Brain Topography

, Volume 31, Issue 3, pp 380–391 | Cite as

Brain Networks are Independently Modulated by Donepezil, Sleep, and Sleep Deprivation

  • Jonathan Wirsich
  • Marc Rey
  • Maxime Guye
  • Christian Bénar
  • Laura Lanteaume
  • Ben Ridley
  • Sylviane Confort-Gouny
  • Catherine Cassé-Perrot
  • Elisabeth Soulier
  • Patrick Viout
  • Franck Rouby
  • Marie-Noëlle Lefebvre
  • Christine Audebert
  • Romain Truillet
  • Elisabeth Jouve
  • Pierre Payoux
  • David Bartrés-Faz
  • Régis Bordet
  • Jill C. Richardson
  • Claudio Babiloni
  • Paolo Maria Rossini
  • Joelle Micallef
  • Olivier Blin
  • Jean-Philippe Ranjeva
  • The Pharmacog Consortium
Original Paper
  • 267 Downloads

Abstract

Resting-state connectivity has been widely studied in the healthy and pathological brain. Less well-characterized are the brain networks altered during pharmacological interventions and their possible interaction with vigilance. In the hopes of finding new biomarkers which can be used to identify cortical activity and cognitive processes linked to the effects of drugs to treat neurodegenerative diseases such as Alzheimer’s disease, the analysis of networks altered by medication would be particularly interesting. Eleven healthy subjects were recruited in the context of the European Innovative Medicines Initiative ‘PharmaCog’. Each underwent five sessions of simultaneous EEG-fMRI in order to investigate the effects of donepezil and memantine before and after sleep deprivation (SD). The SD approach has been previously proposed as a model for cognitive impairment in healthy subjects. By applying network based statistics (NBS), we observed altered brain networks significantly linked to donepezil intake and sleep deprivation. Taking into account the sleep stages extracted from the EEG data we revealed that a network linked to sleep is interacting with sleep deprivation but not with medication intake. We successfully extracted the functional resting-state networks modified by donepezil intake, sleep and SD. We observed donepezil induced whole brain connectivity alterations forming a network separated from the changes induced by sleep and SD, a result which shows the utility of this approach to check for the validity of pharmacological resting-state analysis of the tested medications without the need of taking into account the subject specific vigilance.

Keywords

EEG-fMRI Functional connectivity Sleep Donepezil Memantine 

Notes

Acknowledgements

This research was developed under the ethical requirements complied with the European Community Council Directive (2010/63/UE). The research leading to these results was conducted as part of the PharmaCog consortium funded by the European Community’s Seventh Framework Program for the Innovative Medicine Initiative under Grant Agreement no. 115009. For further information, please refer to http://www.pharmacog.org/.
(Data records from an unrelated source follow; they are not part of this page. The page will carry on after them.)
(* Let $k,\ell\geq t+2$ and $n\geq L(\max\{k,\ell\},t)$. If $\mathcal{F}\subseteq\Pi(n,k)$ and $\mathcal{G}\subseteq\Pi(n,\ell)$ are nonempty cross $t$-intersecting families, then $$|\mathcal{F}||\mathcal{G}|\leq g(\tau_t(\mathcal{G}),k,\ell,t,n)\,g(\tau_t(\mathcal{F}),\ell,k,t,n).$$
   Context: $[n]=\{1,\ldots,n\}$. A partition is a set of pairwise disjoint nonempty sets (blocks). $\Pi(n,k)$ is the set of partitions of $[n]$ into $k$ blocks and $S(n,k)=|\Pi(n,k)|$. $\mathcal{F},\mathcal{G}$ are cross $t$-intersecting if every $F\in\mathcal{F}$ and $G\in\mathcal{G}$ share at least $t$ blocks. A $t$-cover of a family $\mathcal{P}$ of partitions is a partition sharing at least $t$ blocks with each member of $\mathcal{P}$; $\tau_t(\mathcal{P})$ is the minimal number of blocks of a $t$-cover (so here $t\leq\tau_t(\mathcal{G})\leq k$, $t\leq\tau_t(\mathcal{F})\leq\ell$). $L(k,t):=(t+1)+(k-t+1)\log_2((t+1)(k-t+1))$. For $t\leq m\leq k$: $f(m,k,\ell,t,n)=(\ell-t+1)^{m-t}\binom{m}{t}S(n-m,k-m)$ if $m\leq k-1$ and $f(k,k,\ell,t,n)=(\ell-t+1)^{k-t}\binom{k}{t}$; $g(m,k,\ell,t,n)=\max\{f(m,k,\ell,t,n),f(k,k,\ell,t,n)\}$. *)

theory Defs
  imports Complex_Main "HOL-Library.Disjoint_Sets"
begin

definition is_partition :: "nat set set \<Rightarrow> bool" where
  "is_partition P \<longleftrightarrow> disjoint P \<and> {} \<notin> P \<and> finite P"

definition Pi_nk :: "nat \<Rightarrow> nat \<Rightarrow> nat set set set" where
  "Pi_nk n k = {P. partition_on {1..n} P \<and> card P = k}"

definition S2 :: "nat \<Rightarrow> nat \<Rightarrow> nat" where
  "S2 n k = card (Pi_nk n k)"

definition cross_t_intersecting :: "nat \<Rightarrow> nat set set set \<Rightarrow> nat set set set \<Rightarrow> bool" where
  "cross_t_intersecting t F G \<longleftrightarrow> (\<forall>A\<in>F. \<forall>B\<in>G. card (A \<inter> B) \<ge> t)"

definition is_t_cover :: "nat \<Rightarrow> nat \<Rightarrow> nat set set set \<Rightarrow> nat set set \<Rightarrow> bool" where
  "is_t_cover n t PP T \<longleftrightarrow> is_partition T \<and> \<Union>T \<subseteq> {1..n} \<and>
     (\<forall>P\<in>PP. card (T \<inter> P) \<ge> t)"

definition tau :: "nat \<Rightarrow> nat \<Rightarrow> nat set set set \<Rightarrow> nat" where
  "tau n t PP = (LEAST m. \<exists>T. is_t_cover n t PP T \<and> card T = m)"

definition L :: "nat \<Rightarrow> nat \<Rightarrow> real" where
  "L k t = real (t + 1) + real (k - t + 1) * log 2 (real ((t + 1) * (k - t + 1)))"

definition f_bound :: "nat \<Rightarrow> nat \<Rightarrow> nat \<Rightarrow> nat \<Rightarrow> nat \<Rightarrow> nat" where
  "f_bound m k l t n =
     (if m \<le> k - 1 then (l - t + 1) ^ (m - t) * (m choose t) * S2 (n - m) (k - m)
      else (l - t + 1) ^ (k - t) * (k choose t))"

definition g_bound :: "nat \<Rightarrow> nat \<Rightarrow> nat \<Rightarrow> nat \<Rightarrow> nat \<Rightarrow> nat" where
  "g_bound m k l t n = max (f_bound m k l t n) (f_bound k k l t n)"

end

theory Submission
  imports Defs
begin

(* Fix a minimum t-cover T of FF and put m = tau_t(GG); every member of FF contains t blocks of T.
   A set S of fewer than m blocks of a member of FF is not a t-cover of GG, so some G in GG meets
   S in fewer than t blocks, and then every member of FF containing S also contains one of any
   l - t + 1 blocks of G outside S. Branching in this way from the t-subsets of T gives at most
   (tau_t(FF) choose t) (l - t + 1)^(m - t) sets of m blocks, one of which lies in each member
   of FF; and at most S(n - m, k - m) partitions in Pi(n, k) (just one if m = k) contain m given
   blocks. In the product with the symmetric bound for GG the two binomial coefficients swap
   places, giving f(tau_t(GG), k, l, t, n) f(tau_t(FF), l, k, t, n). *)

definition partitions_into :: "'a set \<Rightarrow> nat \<Rightarrow> 'a set set set" where
  "partitions_into A K = {P. partition_on A P \<and> card P = K}"

lemma Pi_nk_eq_partitions_into: "Pi_nk n k = partitions_into {1..n} k"
  by (simp add: Pi_nk_def partitions_into_def)

lemma finite_partitions_into: "finite A \<Longrightarrow> finite (partitions_into A K)"
  unfolding partitions_into_def
  by (rule finite_subset[OF _ finitely_many_partition_on]) auto

lemma partition_on_pullback:
  assumes P: "partition_on A P" and surj: "h ` B = A"
  shows "partition_on B ((\<lambda>p. B \<inter> h -` p) ` P)"
proof (rule partition_onI)
  have "\<Union> ((\<lambda>p. B \<inter> h -` p) ` P) = B \<inter> h -` \<Union>P" by blast
  then show "\<Union> ((\<lambda>p. B \<inter> h -` p) ` P) = B" using partition_onD1[OF P] surj by blast
  show "disjnt p q"
    if pq: "p \<in> (\<lambda>p. B \<inter> h -` p) ` P" "q \<in> (\<lambda>p. B \<inter> h -` p) ` P" "p \<noteq> q" for p q
  proof -
    obtain p' q' where "p' \<in> P" "q' \<in> P" "p = B \<inter> h -` p'" "q = B \<inter> h -` q'"
      using pq(1,2) by blast
    moreover from calculation have "p' \<noteq> q'" using pq(3) by blast
    ultimately have "p' \<inter> q' = {}" by (metis disjointD partition_onD2[OF P])
    then show ?thesis using \<open>p = _\<close> \<open>q = _\<close> by (auto simp: disjnt_def)
  qed
  show "{} \<notin> (\<lambda>p. B \<inter> h -` p) ` P"
  proof
    assume "{} \<in> (\<lambda>p. B \<inter> h -` p) ` P"
    then obtain p where "p \<in> P" "B \<inter> h -` p = {}" by auto
    moreover have "p \<subseteq> h ` B" using \<open>p \<in> P\<close> partition_onD1[OF P] surj by blast
    then have "h ` (B \<inter> h -` p) = p" by auto
    ultimately show False using partition_onD3[OF P] by auto
  qed
qed

lemma card_partitions_into_le_surj:
  assumes "finite B" and surj: "h ` B = A"
  shows "card (partitions_into A K) \<le> card (partitions_into B K)"
proof -
  let ?pull = "\<lambda>P. (\<lambda>p. B \<inter> h -` p) ` P"
  have push_pull: "(`) h ` ?pull P = P" and pull: "?pull P \<in> partitions_into B K"
    if "P \<in> partitions_into A K" for P
  proof -
    have P: "partition_on A P" "card P = K" using that by (auto simp: partitions_into_def)
    have push_pull_block: "h ` (B \<inter> h -` p) = p" if "p \<in> P" for p
    proof -
      have "p \<subseteq> h ` B" using that partition_onD1[OF P(1)] surj by blast
      then show ?thesis by auto
    qed
    then show "(`) h ` ?pull P = P" by (simp add: image_image)
    have "inj_on (\<lambda>p. B \<inter> h -` p) P"
      using push_pull_block by (metis inj_on_inverseI)
    then show "?pull P \<in> partitions_into B K"
      using partition_on_pullback[OF P(1) surj] P(2) by (simp add: partitions_into_def card_image)
  qed
  show ?thesis
  proof (rule card_inj_on_le)
    show "inj_on ?pull (partitions_into A K)"
      by (rule inj_on_inverseI[where g="(`) ((`) h)"]) (rule push_pull)
    show "?pull ` partitions_into A K \<subseteq> partitions_into B K" using pull by blast
    show "finite (partitions_into B K)" using \<open>finite B\<close> by (rule finite_partitions_into)
  qed
qed

lemma card_partitions_into_mono:
  assumes "finite A" "finite B" "card A \<le> card B" "0 < K"
  shows "card (partitions_into A K) \<le> card (partitions_into B K)"
proof (cases "A = {}")
  case True
  then have "partitions_into A K = {}"
    using \<open>0 < K\<close> by (auto simp: partitions_into_def partition_on_empty)
  then show ?thesis by simp
next
  case False
  then obtain a where "a \<in> A" by blast
  obtain f where f: "inj_on f A" "f ` A \<subseteq> B" using card_le_inj assms(1-3) by blast
  define h where "h b = (if b \<in> f ` A then inv_into A f b else a)" for b
  have "h ` B = A"
  proof
    show "h ` B \<subseteq> A" using \<open>a \<in> A\<close> by (auto simp: h_def inv_into_into)
    show "A \<subseteq> h ` B"
    proof
      fix x assume "x \<in> A"
      then have "h (f x) = x" using f(1) by (simp add: h_def)
      then show "x \<in> h ` B" using f(2) \<open>x \<in> A\<close> by (metis image_subset_iff rev_image_eqI)
    qed
  qed
  with \<open>finite B\<close> show ?thesis by (rule card_partitions_into_le_surj)
qed

lemma partition_on_Diff_blocks:
  assumes P: "partition_on A P" and "S \<subseteq> P"
  shows "partition_on (A - \<Union>S) (P - S)"
proof (rule partition_onI)
  have disj: "p \<inter> q = {}" if "p \<in> P" "q \<in> P" "p \<noteq> q" for p q
    using disjointD[OF partition_onD2[OF P] that] .
  show "\<Union> (P - S) = A - \<Union>S"
  proof
    show "\<Union> (P - S) \<subseteq> A - \<Union>S"
      using partition_onD1[OF P] disj \<open>S \<subseteq> P\<close> by blast
    show "A - \<Union>S \<subseteq> \<Union> (P - S)"
      using partition_onD1[OF P] by blast
  qed
  show "disjnt p q" if "p \<in> P - S" "q \<in> P - S" "p \<noteq> q" for p q
    using disj that by (simp add: disjnt_def)
  show "{} \<notin> P - S" using partition_onD3[OF P] by blast
qed

lemma card_le_card_Union_disjoint:
  assumes "disjoint S" "{} \<notin> S" "finite (\<Union>S)"
  shows "card S \<le> card (\<Union>S)"
proof -
  have fin: "finite S" "\<And>B. B \<in> S \<Longrightarrow> finite B"
    using assms(3) by (auto simp: finite_UnionD intro: finite_subset)
  have "card S = (\<Sum>B\<in>S. 1)" by simp
  also have "\<dots> \<le> (\<Sum>B\<in>S. card B)"
    using fin(2) assms(2) by (intro sum_mono) (metis card_0_eq less_one not_le)
  also have "\<dots> = card (\<Union>S)"
    using card_Union_disjoint[OF assms(1)] fin(2) by simp
  finally show ?thesis .
qed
Compliance with Ethical Standards

Conflict of interest

The authors report no conflicts of interest.

Ethical Approval

All procedures performed in studies involving human participants were in accordance with the ethical standards of the of the local ethics committee (Comité de Protection des Personnes Sud-Méditerranée 1 Marseille) and with the 1964 Helsinki declaration and its later amendments or comparable ethical standards.

Informed Consent

Informed consent was obtained from all individual participants included in the study.

Supplementary material

10548_2017_608_MOESM1_ESM.pdf (333 kb)
Supplementary material 1 (PDF 333 KB)
10548_2017_608_MOESM2_ESM.pdf (425 kb)
Supplementary material 2 (PDF 425 KB)
10548_2017_608_MOESM3_ESM.pdf (345 kb)
Supplementary material 3 (PDF 344 KB)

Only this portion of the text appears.